Natural Language Processing is the use of machines to manipulate natural language. Here, we focus on written language, or in simpler words: text.

# Don't Panic! Hitchhiker's Guide to NLP with spaCy

## _Any semblance of order or coherence is purely accidental_

Humans are the only known species to have developed written languages. Yet, children don't learn to read and write on their own. This is to highlight the complexity of text processing and NLP.

The study of natural language processing has been around for more than 50 years. The famous Turing test for General Artificial Intelligence is based on machine comprehension.
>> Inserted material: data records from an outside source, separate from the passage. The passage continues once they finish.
(* Consider a Markov decision process with stochastic policy $\pi$, transition density $T$ and initial state distribution $\alpha$. Let $0<\beta<\gamma<1$. Let $\rho_T(s,a)$ be the normalized occupancy measure generated by $(\alpha,\pi,T)$ with discount factor $\gamma$, and let $\rho_T^\beta(s,a)$ be the normalized occupancy measure generated by $(\rho_T,\pi,T)$ with discount factor $\beta$ (i.e. trajectories started from $(s_0,a_0)\sim\rho_T$ and continued under $\pi$ and $T$). Then $$D_{TV}(\rho_T\,\|\,\rho_T^\beta)\le\frac{(1-\gamma)\beta}{\gamma-\beta}.$$
   Context: The normalized occupancy measure generated by $(\mu,\pi,T)$ with discount factor $\lambda\in(0,1)$ is $\sum_{t=0}^\infty(1-\lambda)\lambda^t\,\mathbb{P}(s_t=s,a_t=a)$, where the trajectory starts from $\mu$ and evolves by $a_t\sim\pi(\cdot\mid s_t)$, $s_{t+1}\sim T(\cdot\mid s_t,a_t)$. The total variation distance is $D_{TV}(p\,\|\,q)=\frac12\int|p-q|$. *)

theory Defs
  imports "HOL-Probability.Probability"
begin

(* General (measurable) state space S and action space A, each with a sigma-finite
reference measure.  All distributions are given by densities with respect to these
reference measures: an initial state density alpha, a policy density pi s a
(density of the action a given state s), and a transition density T s a s'
(density of the next state s' given (s,a)). *)

(* One step of the state-action process: if p is the density of (s_t,a_t), then
step p is the density of (s_{t+1},a_{t+1}), where s_{t+1} ~ T(.|s_t,a_t) and
a_{t+1} ~ pi(.|s_{t+1}). *)
definition sa_step ::
  "'s measure \<Rightarrow> 'a measure \<Rightarrow> ('s \<Rightarrow> 'a \<Rightarrow> real) \<Rightarrow> ('s \<Rightarrow> 'a \<Rightarrow> 's \<Rightarrow> real)
   \<Rightarrow> ('s \<times> 'a \<Rightarrow> real) \<Rightarrow> ('s \<times> 'a \<Rightarrow> real)" where
  "sa_step S A pol T p =
     (\<lambda>(s', a'). enn2real (\<integral>\<^sup>+ x. ennreal (p x * T (fst x) (snd x) s') \<partial>(S \<Otimes>\<^sub>M A)) * pol s' a')"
The field has grown with linguistics and the computational techniques both.

Some Applications of NLP

*  Sentiment Analysis on Social Media
*  Automated Customer Service
*  Chatbots, such as that of Uber, Intercom


In [3]:
import spacy
import random
from collections import Counter #for counting
import seaborn as sns #for visualization
import matplotlib.pyplot as plt
import pandas as pd
plt.style.use('seaborn')
sns.set(font_scale=2)
import json
def pretty_print(pp_object):
    print(json.dumps(pp_object, indent=2))
    
from IPython.display import Markdown, display
def printmd(string, color=None):
    colorstr = "<span style='color:{}'>{}</span>".format(color, string)
    display(Markdown(colorstr))


## About spaCy

spaCy is a free open-source library for Natural Language Processing in Python. 

It features NER, POS tagging, dependency parsing, word vectors and more. The name spaCy comes from spaces + Cython. This is because spaCy started off as an industrial grade solution for tokenization - and eventually expanding to other challenges. Cython allows spaCy to be incredibly fast as compared to other solutions like NLTK. 
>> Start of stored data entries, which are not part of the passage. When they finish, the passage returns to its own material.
(* Let $p\in[1,\infty]$, let $Y$ be a complex Banach space, let $(\mathcal G,+)$ be a countable discrete group and $\mathbf X=\ell^p(\mathcal G,Y)$, with $\mathcal P$ and $\mathcal L(\mathbf X,\mathcal P)$ as in the context. Let $(\Omega,\mathcal G,\alpha)$ be a dynamical system and $A:\Omega\to\mathcal L(\mathbf X,\mathcal P)$ a family of operators over it. Then for all $\omega\in\Omega$, $$\sigma^{\mathrm{op}}(A(\omega))=\{A(\nu):\nu\in L(\omega)\}.$$
   Context: $(\mathcal G,+)$ is written additively but need not be abelian. Choose subsets $\mathcal G_n\subseteq\mathcal G$ with $\emptyset\neq\mathcal G_n\neq\mathcal G$, such that for each $m$ there is $N_m$ with $\mathcal G_m\subseteq\mathcal G_n$ for $n\ge N_m$, and $\bigcup_n\mathcal G_n=\mathcal G$; $P_n$ is multiplication by $\mathbf 1_{\mathcal G_n}$, $\mathcal P=(P_n)$. $K\in\mathcal L(\mathbf X)$ is $\mathcal P$-compact if $\|K(I-P_n)\|\to0$ and $\|(I-P_n)K\|\to0$; $\mathcal K(\mathbf X,\mathcal P)$ is the set of these and $\mathcal L(\mathbf X,\mathcal P)=\{A\in\mathcal L(\mathbf X):AK,KA\in\mathcal K(\mathbf X,\mathcal P)\ \forall K\in\mathcal K(\mathbf X,\mathcal P)\}$. $(A_n)$ converges $\mathcal P$-strongly to $A$ ($\mathcal P\text{-}\lim A_n=A$) if $\|K(A_n-A)\|+\|(A_n-A)K\|\to0$ for all $K\in\mathcal K(\mathbf X,\mathcal P)$. $V_gx=(x_{h+g})_{h\in\mathcal G}$. $g_n\to\infty$ means $(g_n)$ eventually leaves every finite subset of $\mathcal G$. For $B\in\mathcal L(\mathbf X,\mathcal P)$ and $g=(g_n)$ with $g_n\to\infty$, the limit operator is $B_g:=\mathcal P\text{-}\lim V_{g_n}BV_{-g_n}$ if it exists; $\sigma^{\mathrm{op}}(B)$ (operator spectrum) is the set of all limit operators of $B$. A dynamical system $(\Omega,\mathcal G,\alpha)$: $\Omega$ compact metric space, $\alpha$ maps $\mathcal G$ to homeomorphisms of $\Omega$ with $\alpha(g+h)=\alpha(g)\circ\alpha(h)$. $L(\omega)=\{\nu\in\Omega:\exists g_n\to\infty,\ \alpha(g_n)(\omega)\to\nu\}$. A family of operators over $(\Omega,\mathcal G,\alpha)$ is $A:\Omega\to\mathcal L(\mathbf X,\mathcal P)$ with $A(\alpha(g)(\omega))=V_gA(\omega)V_{-g}$ for all $\omega,g$, and such that $\omega_n\to\omega$ implies $\mathcal P\text{-}\lim A(\omega_n)=A(\omega)$. *)

theory Defs
  imports "HOL-Analysis.Analysis" "HOL-Library.Countable"
begin

text \<open>A complex Banach space Y is modelled as a real Banach space 'y together with a
 complex structure J (multiplication by i), compatible with the norm.\<close>

definition cscale :: "('y::real_vector \<Rightarrow> 'y) \<Rightarrow> complex \<Rightarrow> 'y \<Rightarrow> 'y" where
  "cscale J c y = Re c *\<^sub>R y + Im c *\<^sub>R J y"

definition complex_structure :: "('y::real_normed_vector \<Rightarrow> 'y) \<Rightarrow> bool" where
  "complex_structure J \<longleftrightarrow> bounded_linear J \<and> (\<forall>y. J (J y) = - y)
     \<and> (\<forall>c y. norm (cscale J c y) = cmod c * norm y)"

definition lp_mem :: "ennreal \<Rightarrow> ('g \<Rightarrow> 'y::real_normed_vector) \<Rightarrow> bool" where
  "lp_mem p x \<longleftrightarrow> (if p = (top::ennreal) then bounded (range (\<lambda>g. norm (x g)))
                     else (\<lambda>g. norm (x g) powr enn2real p) summable_on UNIV)"

definition lpX :: "ennreal \<Rightarrow> ('g \<Rightarrow> 'y::real_normed_vector) set" where
  "lpX p = {x. lp_mem p x}"

definition lp_norm :: "ennreal \<Rightarrow> ('g \<Rightarrow> 'y::real_normed_vector) \<Rightarrow> real" where
  "lp_norm p x = (if p = (top::ennreal) then (SUP g. norm (x g))
                  else (\<Sum>\<^sub>\<infinity>g. norm (x g) powr enn2real p) powr (1 / enn2real p))"

text \<open>An operator is represented as a
 function on all of 'g => 'y which vanishes outside l^p (extensional convention), so that
 equality of operators is equality of functions.\<close>

definition is_op :: "ennreal \<Rightarrow> ('y::real_normed_vector \<Rightarrow> 'y) \<Rightarrow>
    (('g \<Rightarrow> 'y) \<Rightarrow> ('g \<Rightarrow> 'y)) \<Rightarrow> bool" where
  "is_op p J A \<longleftrightarrow>
     (\<forall>x\<in>lpX p. A x \<in> lpX p)
   \<and> (\<forall>x\<in>lpX p. \<forall>y\<in>lpX p. A (\<lambda>g. x g + y g) = (\<lambda>g. A x g + A y g))
   \<and> (\<forall>c. \<forall>x\<in>lpX p. A (\<lambda>g. cscale J c (x g)) = (\<lambda>g. cscale J c (A x g)))
   \<and> (\<exists>C. \<forall>x\<in>lpX p. lp_norm p (A x) \<le> C * lp_norm p x)
   \<and> (\<forall>x. x \<notin> lpX p \<longrightarrow> A x = (\<lambda>_. 0))"

definition opnorm :: "ennreal \<Rightarrow> (('g \<Rightarrow> 'y::real_normed_vector) \<Rightarrow> ('g \<Rightarrow> 'y)) \<Rightarrow> real" where
  "opnorm p A = Sup {lp_norm p (A x) | x. x \<in> lpX p \<and> lp_norm p x \<le> 1}"

definition opdiff :: "(('g \<Rightarrow> 'y::ab_group_add) \<Rightarrow> ('g \<Rightarrow> 'y)) \<Rightarrow> (('g \<Rightarrow> 'y) \<Rightarrow> ('g \<Rightarrow> 'y))
    \<Rightarrow> ('g \<Rightarrow> 'y) \<Rightarrow> ('g \<Rightarrow> 'y)" where
  "opdiff A B = (\<lambda>x g. A x g - B x g)"

text \<open>I - P_n, where P_n is multiplication by the indicator of Gs n.\<close>
definition IminusP :: "ennreal \<Rightarrow> (nat \<Rightarrow> 'g set) \<Rightarrow> nat \<Rightarrow> ('g \<Rightarrow> 'y::real_normed_vector) \<Rightarrow> ('g \<Rightarrow> 'y)" where
  "IminusP p Gs n = (\<lambda>x. if x \<in> lpX p then (\<lambda>g. if g \<in> Gs n then 0 else x g) else (\<lambda>_. 0))"

definition Vop :: "ennreal \<Rightarrow> 'g::group_add \<Rightarrow> ('g \<Rightarrow> 'y::real_normed_vector) \<Rightarrow> ('g \<Rightarrow> 'y)" where
  "Vop p g = (\<lambda>x. if x \<in> lpX p then (\<lambda>h. x (h + g)) else (\<lambda>_. 0))"

definition admissible_Gs :: "(nat \<Rightarrow> 'g set) \<Rightarrow> bool" where
  "admissible_Gs Gs \<longleftrightarrow> (\<forall>n. Gs n \<noteq> {} \<and> Gs n \<noteq> UNIV)
     \<and> (\<forall>m. \<exists>N. \<forall>n\<ge>N. Gs m \<subseteq> Gs n) \<and> (\<Union>n. Gs n) = UNIV"

definition Pcompact :: "ennreal \<Rightarrow> ('y::real_normed_vector \<Rightarrow> 'y) \<Rightarrow> (nat \<Rightarrow> 'g set) \<Rightarrow>
    (('g \<Rightarrow> 'y) \<Rightarrow> ('g \<Rightarrow> 'y)) \<Rightarrow> bool" where
  "Pcompact p J Gs K \<longleftrightarrow> is_op p J K
     \<and> (\<lambda>n. opnorm p (K \<circ> IminusP p Gs n)) \<longlonglongrightarrow> 0
     \<and> (\<lambda>n. opnorm p (IminusP p Gs n \<circ> K)) \<longlonglongrightarrow> 0"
![](http://)It has trainable, or in other words customizable and extendable models for most of these tasks - while providing some really good models out of the box. 

In [4]:
!pip install --upgrade pip
!pip install textacy

In [5]:
!python -m spacy download en_core_web_lg
nlp = spacy.load('en_core_web_lg')
# python -m spacy download en_vectors_web_lg

In [6]:
tweets = pd.read_csv("../input/all-djtrum-tweets/all_djt_tweets.csv")

## Data
We explore some tweets from President Donald Trump

![](https://screenshotscdn.firefoxusercontent.com/images/69402d7a-bfec-4cd4-9c57-cca42b6e7b86.png)

## What's In Here?
In this kernel, we will learn how to use spaCy in Python to generate questions and answers from *any free text*. We will learn about named entitiy recognition, dependency parsing, part of speech tagging, and more!

1. [Named Entity Recognition](#Named-Entity-Recognition-aka-NER),  visualization with `displacy` and **redacting names automatically without a dictionary**!
2. [Part of Speech Tagging](#Part-of-Speech-Tagging), and exploring what Trump says with *word clouds*!
3. [Using Linguistic annotations with spaCy Match](#Using-Linguistic-annotations-with-spaCy-Match)
4. Dependency Parsing, for [**Automatic Question and Answer Generation**](#Automatic-Question-and-Answer-Generation)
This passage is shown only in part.